# Work instructions
Give the number of lines in the data that hold the word "lemma", and nothing else.

(Beginning of Records for processing)

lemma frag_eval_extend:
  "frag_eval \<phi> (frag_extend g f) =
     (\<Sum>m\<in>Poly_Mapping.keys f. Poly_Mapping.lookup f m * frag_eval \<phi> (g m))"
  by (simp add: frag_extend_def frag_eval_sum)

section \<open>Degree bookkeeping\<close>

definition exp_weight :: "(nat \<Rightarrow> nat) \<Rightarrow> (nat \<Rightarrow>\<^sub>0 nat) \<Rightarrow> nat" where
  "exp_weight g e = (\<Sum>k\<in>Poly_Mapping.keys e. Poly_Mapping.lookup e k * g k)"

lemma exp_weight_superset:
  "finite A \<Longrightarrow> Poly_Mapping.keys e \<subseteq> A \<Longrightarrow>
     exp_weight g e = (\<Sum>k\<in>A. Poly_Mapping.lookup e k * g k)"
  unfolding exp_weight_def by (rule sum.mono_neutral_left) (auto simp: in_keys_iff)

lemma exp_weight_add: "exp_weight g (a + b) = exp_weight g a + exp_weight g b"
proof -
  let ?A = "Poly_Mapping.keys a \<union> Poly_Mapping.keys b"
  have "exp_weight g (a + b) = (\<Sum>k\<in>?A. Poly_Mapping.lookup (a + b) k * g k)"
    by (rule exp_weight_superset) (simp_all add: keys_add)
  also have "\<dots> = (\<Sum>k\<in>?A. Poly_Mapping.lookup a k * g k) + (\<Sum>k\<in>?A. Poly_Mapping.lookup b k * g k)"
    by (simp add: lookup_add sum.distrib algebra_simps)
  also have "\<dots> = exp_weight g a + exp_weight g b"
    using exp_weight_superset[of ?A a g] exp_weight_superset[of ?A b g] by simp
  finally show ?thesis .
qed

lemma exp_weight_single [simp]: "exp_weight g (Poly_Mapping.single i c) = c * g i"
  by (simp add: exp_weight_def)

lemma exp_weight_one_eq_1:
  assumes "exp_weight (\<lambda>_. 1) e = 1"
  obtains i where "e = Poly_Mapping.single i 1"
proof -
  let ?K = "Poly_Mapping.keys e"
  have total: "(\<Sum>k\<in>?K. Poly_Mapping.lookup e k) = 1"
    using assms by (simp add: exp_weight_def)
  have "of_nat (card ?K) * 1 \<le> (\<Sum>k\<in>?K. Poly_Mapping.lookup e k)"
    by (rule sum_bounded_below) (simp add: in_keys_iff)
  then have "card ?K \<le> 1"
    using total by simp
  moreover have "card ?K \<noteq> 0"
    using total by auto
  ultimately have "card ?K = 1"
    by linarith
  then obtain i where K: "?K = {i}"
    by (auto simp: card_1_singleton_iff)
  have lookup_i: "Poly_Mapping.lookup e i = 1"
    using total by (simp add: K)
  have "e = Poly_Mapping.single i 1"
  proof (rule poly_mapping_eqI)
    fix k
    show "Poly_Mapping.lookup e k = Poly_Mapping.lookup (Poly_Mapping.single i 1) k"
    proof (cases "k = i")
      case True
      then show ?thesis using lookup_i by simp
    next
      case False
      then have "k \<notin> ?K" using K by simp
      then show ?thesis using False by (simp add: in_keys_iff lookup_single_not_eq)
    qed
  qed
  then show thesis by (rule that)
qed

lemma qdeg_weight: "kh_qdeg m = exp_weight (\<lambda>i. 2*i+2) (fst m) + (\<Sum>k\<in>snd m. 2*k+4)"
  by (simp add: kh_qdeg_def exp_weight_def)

(End of Records for processing)

# Expected output
6